Investigation of quinocetone-induced mitochondrial damage and apoptosis in HepG2 cells and compared with its metabolites

- The toxicity of quinocetone and its metabolites was investigated in HepG2 cells.
- Quinocetone induced apoptosis, mitochondrial damage and DNA stability decreased.
- Metabolites have much lower toxicity than quinocetone.
- Gene expression revealed the novel mechanisms of quinocetone-induced apoptosis.
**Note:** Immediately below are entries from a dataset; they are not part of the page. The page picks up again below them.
(* Let $K\ge1$, $N\ge1$, $\sigma>0$ and define the parabolic $r$-prior $$p_r(r\mid\sigma)=\frac{K}{r\sqrt\pi}\left(\frac{Nr^2}{2\sigma^2}\right)^{K/2}U\!\left(\frac{K+1}{2};\frac12;\frac{Nr^2}{2\sigma^2}\right),\qquad r>0.$$ Then for $1-K<\mathrm{Re}\,s<2$, $$\int_0^\infty p_r(r\mid\sigma)\,r^{s-1}\,dr=\left(\frac{\sigma}{\sqrt{2N}}\right)^{s-1}\frac{\Gamma(1-s/2)\,\Gamma(K+s-1)}{\sqrt\pi\,\Gamma(K)}.$$ In particular (taking $s=1$) $p_r(\cdot\mid\sigma)$ is a probability density.
   Context: $U(\alpha;\beta;x)=\frac1{\Gamma(\alpha)}\int_0^\infty e^{-xt}t^{\alpha-1}(1+t)^{\beta-\alpha-1}dt$ is Tricomi's confluent hypergeometric function. *)

theory Defs
  imports "HOL-Analysis.Analysis"
begin

text \<open>Tricomi's confluent hypergeometric function via its integral representation
  (real arguments; meaningful for a > 0, x > 0).\<close>
definition tricomiU :: "real \<Rightarrow> real \<Rightarrow> real \<Rightarrow> real" where
  "tricomiU a b x = (1 / Gamma a) *
     (LINT t:{0<..}|lborel. exp (- x * t) * t powr (a - 1) * (1 + t) powr (b - a - 1))"

definition parabolic_prior :: "nat \<Rightarrow> nat \<Rightarrow> real \<Rightarrow> real \<Rightarrow> real" where
  "parabolic_prior K N \<sigma> r =
     real K / (r * sqrt pi) * (real N * r^2 / (2 * \<sigma>^2)) powr (real K / 2) *
     tricomiU ((real K + 1) / 2) (1 / 2) (real N * r^2 / (2 * \<sigma>^2))"

end

theory Submission
  imports Defs
begin

text \<open>
  The prior is p(r) = K/(r\<surd>\<pi>) x^(K/2) U((K+1)/2, 1/2, x) with x = c r^2 and
  c = N/(2\<sigma>^2).  The substitution x = c r^2 turns its Mellin transform at s into
  a constant multiple of the Mellin transform of U at w = (K+s-1)/2.  Since U(a,b,x)
  is, up to 1/\<Gamma>(a), the Laplace transform of t^(a-1) (1+t)^(b-a-1), Fubini turns
  that Mellin transform into \<Gamma>(w) times a beta integral, and a beta integral is
  itself a Mellin transform of a Laplace transform of v^(m-1) e^(-v).  Legendre's
  duplication formula then simplifies the resulting Gamma quotient.
\<close>

lemma cpow_of_real_pos:
  "x > 0 \<Longrightarrow> complex_of_real x powr w = exp (w * of_real (ln x))"
  by (simp add: powr_def Ln_of_real)

lemma cpow_of_real_mult:
  "x \<ge> 0 \<Longrightarrow> y \<ge> 0 \<Longrightarrow> (complex_of_real x * of_real y) powr w = of_real x powr w * of_real y powr w"
  by (simp add: powr_times_real)

lemma not_nonpos_Int_of_Re_pos: "Re (z::complex) > 0 \<Longrightarrow> z \<notin> \<int>\<^sub>\<le>\<^sub>0"
  by (auto elim!: nonpos_Ints_cases)

text \<open>Hence \<Gamma> does not vanish there (in the library, \<Gamma> is 0 exactly at its poles).\<close>
lemma Gamma_nonzero_of_Re_pos: "Re (z::complex) > 0 \<Longrightarrow> Gamma z \<noteq> 0"
  by (simp add: Gamma_eq_zero_iff not_nonpos_Int_of_Re_pos)
lemma std_link_admissible:
  assumes "hypergraph H" and "E \<in> admissible (suspension H) n" and "v < n"
  shows "std_link v E \<in> admissible H (n - 1)"
proof -
  have E: "E \<subseteq> Pow {0..<n}" and rk: "card ` E \<subseteq> Suc ` ranks H"
    and nc: "\<not> contained (suspension H) ({0..<n}, E)"
    using assms(2) unfolding admissible_def ranks_suspension[OF assms(1)] by (auto simp: ranks_def)
  have "std_link v E \<subseteq> Pow {0..<n - 1}"
    using link_subset_Pow[OF E, of v] squeeze_image[OF assms(3)] unfolding std_link_def by blast
  moreover have "ranks ({0..<n - 1}, std_link v E) \<subseteq> ranks H"
  proof
    fix k assume "k \<in> ranks ({0..<n - 1}, std_link v E)"
    then obtain F where F: "F \<in> E" "v \<in> F" "k = card (squeeze v ` (F - {v}))"
      unfolding ranks_def std_link_def link_def by auto
    moreover have "finite F" using E F(1) by (auto intro: finite_subset)
    ultimately show "k \<in> ranks H" using rk card_squeeze_link_edge by fastforce
  qed
  moreover have "\<not> contained H ({0..<n - 1}, std_link v E)"
  proof
    assume "contained H ({0..<n - 1}, std_link v E)"
    then have "contained H ({0..<n} - {v}, link v E)"
      by (rule contained_link_if_contained_std_link[OF E assms(3)])
    then have "contained (suspension H) ({0..<n}, E)"
      by (rule contained_suspension_if_contained_link) (use assms(3) in simp)
    with nc show False by contradiction
  qed
  ultimately show ?thesis by (simp add: admissible_def)
qed
(* Fix $\eta>0$, $\lambda\in\mathbb{R}^{2md}$, $e\in E$, $i\in e$, and let $\lambda'$ be obtained from $\lambda$ by replacing only the block $\lambda_{e,i}$ with $\lambda'_{e,i}(x)=\lambda_{e,i}(x)+\frac{1}{2\eta}\log\frac{S^\lambda_{e,i}(x)}{\mu^\lambda_i(x)}$ ($x\in\chi$). Then $$L(\lambda)-L(\lambda')\ \ge\ \frac{1}{4\eta}\|\nu^\lambda_{e,i}\|_1^2.$$
   Context: Let $G=(V,E)$ be a finite undirected graph with $n=|V|$, $m=|E|$, every vertex incident to at least one edge; $N_i=\{e\in E:i\in e\}$. $\chi$ is a finite label set with $d=|\chi|\ge2$. Costs $C_i\in\mathbb{R}^\chi$, $C_e\in\mathbb{R}^{\chi^2}$; for $e=\{i,j\}$, $x_e=(x_i,x_j)$ and $(x_e)_i=x_i$. Dual variables $\lambda=(\lambda_{e,i}(x))_{e\in E,i\in e,x\in\chi}\in\mathbb{R}^{2md}$ and $$L(\lambda)=\frac1\eta\sum_{i\in V}\log\sum_{x\in\chi}\exp\Big(-\eta C_i(x)+\eta\sum_{e\in N_i}\lambda_{e,i}(x)\Big)+\frac1\eta\sum_{e\in E}\log\sum_{x_e\in\chi^2}\exp\Big(-\eta C_e(x_e)-\eta\sum_{i\in e}\lambda_{e,i}((x_e)_i)\Big).$$ $\mu^\lambda_i(x)\propto\exp(-\eta C_i(x)+\eta\sum_{e\in N_i}\lambda_{e,i}(x))$, $\mu^\lambda_e(x_e)\propto\exp(-\eta C_e(x_e)-\eta\sum_{i\in e}\lambda_{e,i}((x_e)_i))$, each normalized to sum to $1$; $S^\lambda_{e,i}(x)=\sum_{x_e:(x_e)_i=x}\mu^\lambda_e(x_e)$; the slack vector is $\nu^\lambda_{e,i}=S^\lambda_{e,i}-\mu^\lambda_i\in\mathbb{R}^\chi$ (so $\partial L/\partial\lambda_{e,i}(x)=-\nu^\lambda_{e,i}(x)$). *)

theory Defs
  imports "HOL-Analysis.Analysis"
begin

text \<open>Graph: vertex set V, edges are 2-element subsets of V. Labels: a finite type 'x.
  A joint label x_e of edge e is a function e \<rightarrow> 'x (extensional), so (x_e)_i = x_e i.\<close>

definition graph_ok :: "'v set \<Rightarrow> 'v set set \<Rightarrow> bool" where
  "graph_ok V E \<longleftrightarrow> finite V \<and> (\<forall>e\<in>E. e \<subseteq> V \<and> card e = 2) \<and> (\<forall>i\<in>V. \<exists>e\<in>E. i \<in> e)"

definition incident :: "'v set set \<Rightarrow> 'v \<Rightarrow> 'v set set" where
  "incident E i = {e\<in>E. i \<in> e}"

definition labelings :: "'v set \<Rightarrow> ('v \<Rightarrow> 'x) set" where
  "labelings e = PiE e (\<lambda>_. UNIV)"

definition node_pot :: "real \<Rightarrow> 'v set set \<Rightarrow> ('v \<Rightarrow> 'x \<Rightarrow> real)
    \<Rightarrow> ('v set \<Rightarrow> 'v \<Rightarrow> 'x \<Rightarrow> real) \<Rightarrow> 'v \<Rightarrow> 'x \<Rightarrow> real" where
  "node_pot \<eta> E Ci lam i x = exp (- \<eta> * Ci i x + \<eta> * (\<Sum>e\<in>incident E i. lam e i x))"

definition edge_pot :: "real \<Rightarrow> ('v set \<Rightarrow> ('v \<Rightarrow> 'x) \<Rightarrow> real)
    \<Rightarrow> ('v set \<Rightarrow> 'v \<Rightarrow> 'x \<Rightarrow> real) \<Rightarrow> 'v set \<Rightarrow> ('v \<Rightarrow> 'x) \<Rightarrow> real" where
  "edge_pot \<eta> Ce lam e xe = exp (- \<eta> * Ce e xe - \<eta> * (\<Sum>i\<in>e. lam e i (xe i)))"

definition dualL :: "real \<Rightarrow> 'v set \<Rightarrow> 'v set set \<Rightarrow> ('v \<Rightarrow> 'x::finite \<Rightarrow> real)
    \<Rightarrow> ('v set \<Rightarrow> ('v \<Rightarrow> 'x) \<Rightarrow> real) \<Rightarrow> ('v set \<Rightarrow> 'v \<Rightarrow> 'x \<Rightarrow> real) \<Rightarrow> real" where
  "dualL \<eta> V E Ci Ce lam =
     (1/\<eta>) * (\<Sum>i\<in>V. ln (\<Sum>x\<in>UNIV. node_pot \<eta> E Ci lam i x))
   + (1/\<eta>) * (\<Sum>e\<in>E. ln (\<Sum>xe\<in>labelings e. edge_pot \<eta> Ce lam e xe))"

definition mu_node :: "real \<Rightarrow> 'v set set \<Rightarrow> ('v \<Rightarrow> 'x::finite \<Rightarrow> real)
    \<Rightarrow> ('v set \<Rightarrow> 'v \<Rightarrow> 'x \<Rightarrow> real) \<Rightarrow> 'v \<Rightarrow> 'x \<Rightarrow> real" where
  "mu_node \<eta> E Ci lam i x = node_pot \<eta> E Ci lam i x / (\<Sum>y\<in>UNIV. node_pot \<eta> E Ci lam i y)"

definition mu_edge :: "real \<Rightarrow> ('v set \<Rightarrow> ('v \<Rightarrow> 'x) \<Rightarrow> real)
    \<Rightarrow> ('v set \<Rightarrow> 'v \<Rightarrow> 'x \<Rightarrow> real) \<Rightarrow> 'v set \<Rightarrow> ('v \<Rightarrow> 'x) \<Rightarrow> real" where
  "mu_edge \<eta> Ce lam e xe = edge_pot \<eta> Ce lam e xe / (\<Sum>ye\<in>labelings e. edge_pot \<eta> Ce lam e ye)"

definition marg :: "real \<Rightarrow> ('v set \<Rightarrow> ('v \<Rightarrow> 'x) \<Rightarrow> real)
    \<Rightarrow> ('v set \<Rightarrow> 'v \<Rightarrow> 'x \<Rightarrow> real) \<Rightarrow> 'v set \<Rightarrow> 'v \<Rightarrow> 'x \<Rightarrow> real" where
  "marg \<eta> Ce lam e i x = (\<Sum>xe\<in>{xe\<in>labelings e. xe i = x}. mu_edge \<eta> Ce lam e xe)"

definition slack :: "real \<Rightarrow> 'v set set \<Rightarrow> ('v \<Rightarrow> 'x::finite \<Rightarrow> real)
    \<Rightarrow> ('v set \<Rightarrow> ('v \<Rightarrow> 'x) \<Rightarrow> real)
    \<Rightarrow> ('v set \<Rightarrow> 'v \<Rightarrow> 'x \<Rightarrow> real) \<Rightarrow> 'v set \<Rightarrow> 'v \<Rightarrow> 'x \<Rightarrow> real" where
  "slack \<eta> E Ci Ce lam e i x = marg \<eta> Ce lam e i x - mu_node \<eta> E Ci lam i x"

end

theory Submission
  imports Defs
begin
Quinocetone (QCT) has been widely used as an animal growth promoter in China. However, amounts of available data indicated that QCT probably had potential toxicity. The present study was aimed to investigate the genotoxicity, mitochondrial damage and apoptosis in HepG2 cells for QCT and its metabolites, DQCT and MQCA. QCT has seriously cytotoxic to HepG2 cells. The cell viability test and cytokinesis-block micronucleus test showed that the micronucleus frequency of cells treated with QCT has increased significantly, compared with DQCT and MQCA. With increasing of QCT concentrations, the genomic template stability and mitochondrial damage of HepG2 cells were aggravated. QCT-induced apoptosis in HepG2 cells were also observed. Data of caspase activities in measurement and real-time RT-PCR possibly suggested both of the mitochondria-dependent and mitochondria-independent pathways participated in the HepG2 cells apoptosis. However, all the results suggested that DQCT and MQCA showed only a little cytotoxic to HepG2 cells. In a word, QCT had toxic effects on HepG2 cells and resulted in the mitochondria-dependent and mitochondria-independent pathways of apoptosis, but the intermediate metabolites of QCT (DQCT and MQCA) were not.